**Task details:** The entries that follow are to be duplicated in full, character for character.

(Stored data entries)
:::

lemma Schwarz_Lemma_bounded:
  assumes holf: "f holomorphic_on ball 0 1" and f0: "f 0 = 0"
    and bd: "\<forall>z\<in>ball 0 1. norm (f z) \<le> M" and z: "norm z < 1"
  shows "norm (f z) \<le> M * norm z"
proof -
  have "s * norm (f z) \<le> M * norm z" if s: "0 < s" "s < 1" for s
  proof (cases "M > 0")
    case True
    define g where "g = (\<lambda>w. of_real (s / M) * f w)"
    have "norm (g z) \<le> norm z"
    proof (rule Schwarz_Lemma(1))
      show "g holomorphic_on ball 0 1" unfolding g_def by (intro holomorphic_intros holf)
      show "norm (g w) < 1" if "norm w < 1" for w
        unfolding g_def using norm_scaled_less_one[OF bd True s that] .
    qed (use f0 z in \<open>simp_all add: g_def\<close>)
    then show ?thesis using True s by (simp add: g_def norm_mult norm_divide field_simps)
  next
    case False
    have "0 \<le> M" using bd by (metis centre_in_ball norm_ge_zero order_trans zero_less_one)
    then have "M = 0" using False by simp
    then show ?thesis using bd z by auto
  qed
  then have "1 * norm (f z) \<le> M * norm z"
    by (intro upperbound_at_left_one[where \<phi> = "\<lambda>s. s * norm (f z)"] continuous_intros)
  then show ?thesis by simp
qed

lemma Schwarz_Pick_origin:
  assumes holg: "g holomorphic_on ball 0 1" and lt1: "\<And>w. norm w < 1 \<Longrightarrow> norm (g w) < 1"
  shows "norm (deriv g 0) \<le> 1 - (norm (g 0))\<^sup>2"
proof -
  define c where "c = g 0"
  have c: "norm c < 1" using lt1[of 0] by (simp add: c_def)
  have cc: "cnj c * c = of_real ((norm c)\<^sup>2)"
    using complex_norm_square[of c] by (simp add: mult.commute)
  have c2: "(norm c)\<^sup>2 < 1" using c by (simp add: abs_square_less_1)
  define h where "h = Moebius_function 0 c \<circ> g"
  have gin: "g ` ball 0 1 \<subseteq> ball 0 1" using lt1 by auto
  have holh: "h holomorphic_on ball 0 1"
    unfolding h_def
    by (rule holomorphic_on_compose_gen[OF holg Moebius_function_holomorphic[OF c] gin])
  have "norm (deriv h 0) \<le> 1"
    by (rule Schwarz_Lemma(2)[OF holh, of 0])
      (auto simp: h_def c_def Moebius_function_eq_zero intro!: Moebius_function_norm_lt_1 c lt1)
  moreover have "norm (deriv h 0) = norm (deriv g 0) / (1 - (norm c)\<^sup>2)"
  proof -
    have den: "1 - cnj c * c \<noteq> 0"
      using c2 unfolding cc by (metis less_irrefl of_real_1 of_real_diff of_real_eq_0_iff right_minus_eq)
    have "(g has_field_derivative deriv g 0) (at 0)"
      using holg by (intro holomorphic_derivI[of _ "ball 0 1"]) auto
    then have "(h has_field_derivative deriv g 0 / (1 - cnj c * c)) (at 0)"
      unfolding h_def o_def Moebius_function_simple using den
      by (auto intro!: derivative_eq_intros simp: c_def)
    then have "deriv h 0 = deriv g 0 / of_real (1 - (norm c)\<^sup>2)"
      unfolding cc by (simp add: DERIV_imp_deriv)
    then show ?thesis using c2 by (simp only: norm_divide norm_of_real)
  qed
  ultimately show ?thesis
    using c2 by (simp add: divide_le_eq c_def)
qed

:::

**Answer to this exercise:**
lemma Schwarz_Lemma_bounded:
  assumes holf: "f holomorphic_on ball 0 1" and f0: "f 0 = 0"
    and bd: "\<forall>z\<in>ball 0 1. norm (f z) \<le> M" and z: "norm z < 1"
  shows "norm (f z) \<le> M * norm z"
proof -
  have "s * norm (f z) \<le> M * norm z" if s: "0 < s" "s < 1" for s
  proof (cases "M > 0")
    case True
    define g where "g = (\<lambda>w. of_real (s / M) * f w)"
    have "norm (g z) \<le> norm z"
    proof (rule Schwarz_Lemma(1))
      show "g holomorphic_on ball 0 1" unfolding g_def by (intro holomorphic_intros holf)
      show "norm (g w) < 1" if "norm w < 1" for w
        unfolding g_def using norm_scaled_less_one[OF bd True s that] .
    qed (use f0 z in \<open>simp_all add: g_def\<close>)
    then show ?thesis using True s by (simp add: g_def norm_mult norm_divide field_simps)
  next
    case False
    have "0 \<le> M" using bd by (metis centre_in_ball norm_ge_zero order_trans zero_less_one)
    then have "M = 0" using False by simp
    then show ?thesis using bd z by auto
  qed
  then have "1 * norm (f z) \<le> M * norm z"
    by (intro upperbound_at_left_one[where \<phi> = "\<lambda>s. s * norm (f z)"] continuous_intros)
  then show ?thesis by simp
qed

lemma Schwarz_Pick_origin:
  assumes holg: "g holomorphic_on ball 0 1" and lt1: "\<And>w. norm w < 1 \<Longrightarrow> norm (g w) < 1"
  shows "norm (deriv g 0) \<le> 1 - (norm (g 0))\<^sup>2"
proof -
  define c where "c = g 0"
  have c: "norm c < 1" using lt1[of 0] by (simp add: c_def)
  have cc: "cnj c * c = of_real ((norm c)\<^sup>2)"
    using complex_norm_square[of c] by (simp add: mult.commute)
  have c2: "(norm c)\<^sup>2 < 1" using c by (simp add: abs_square_less_1)
  define h where "h = Moebius_function 0 c \<circ> g"
  have gin: "g ` ball 0 1 \<subseteq> ball 0 1" using lt1 by auto
  have holh: "h holomorphic_on ball 0 1"
    unfolding h_def
    by (rule holomorphic_on_compose_gen[OF holg Moebius_function_holomorphic[OF c] gin])
  have "norm (deriv h 0) \<le> 1"
    by (rule Schwarz_Lemma(2)[OF holh, of 0])
      (auto simp: h_def c_def Moebius_function_eq_zero intro!: Moebius_function_norm_lt_1 c lt1)
  moreover have "norm (deriv h 0) = norm (deriv g 0) / (1 - (norm c)\<^sup>2)"
  proof -
    have den: "1 - cnj c * c \<noteq> 0"
      using c2 unfolding cc by (metis less_irrefl of_real_1 of_real_diff of_real_eq_0_iff right_minus_eq)
    have "(g has_field_derivative deriv g 0) (at 0)"
      using holg by (intro holomorphic_derivI[of _ "ball 0 1"]) auto
    then have "(h has_field_derivative deriv g 0 / (1 - cnj c * c)) (at 0)"
      unfolding h_def o_def Moebius_function_simple using den
      by (auto intro!: derivative_eq_intros simp: c_def)
    then have "deriv h 0 = deriv g 0 / of_real (1 - (norm c)\<^sup>2)"
      unfolding cc by (simp add: DERIV_imp_deriv)
    then show ?thesis using c2 by (simp only: norm_divide norm_of_real)
  qed
  ultimately show ?thesis
    using c2 by (simp add: divide_le_eq c_def)
qed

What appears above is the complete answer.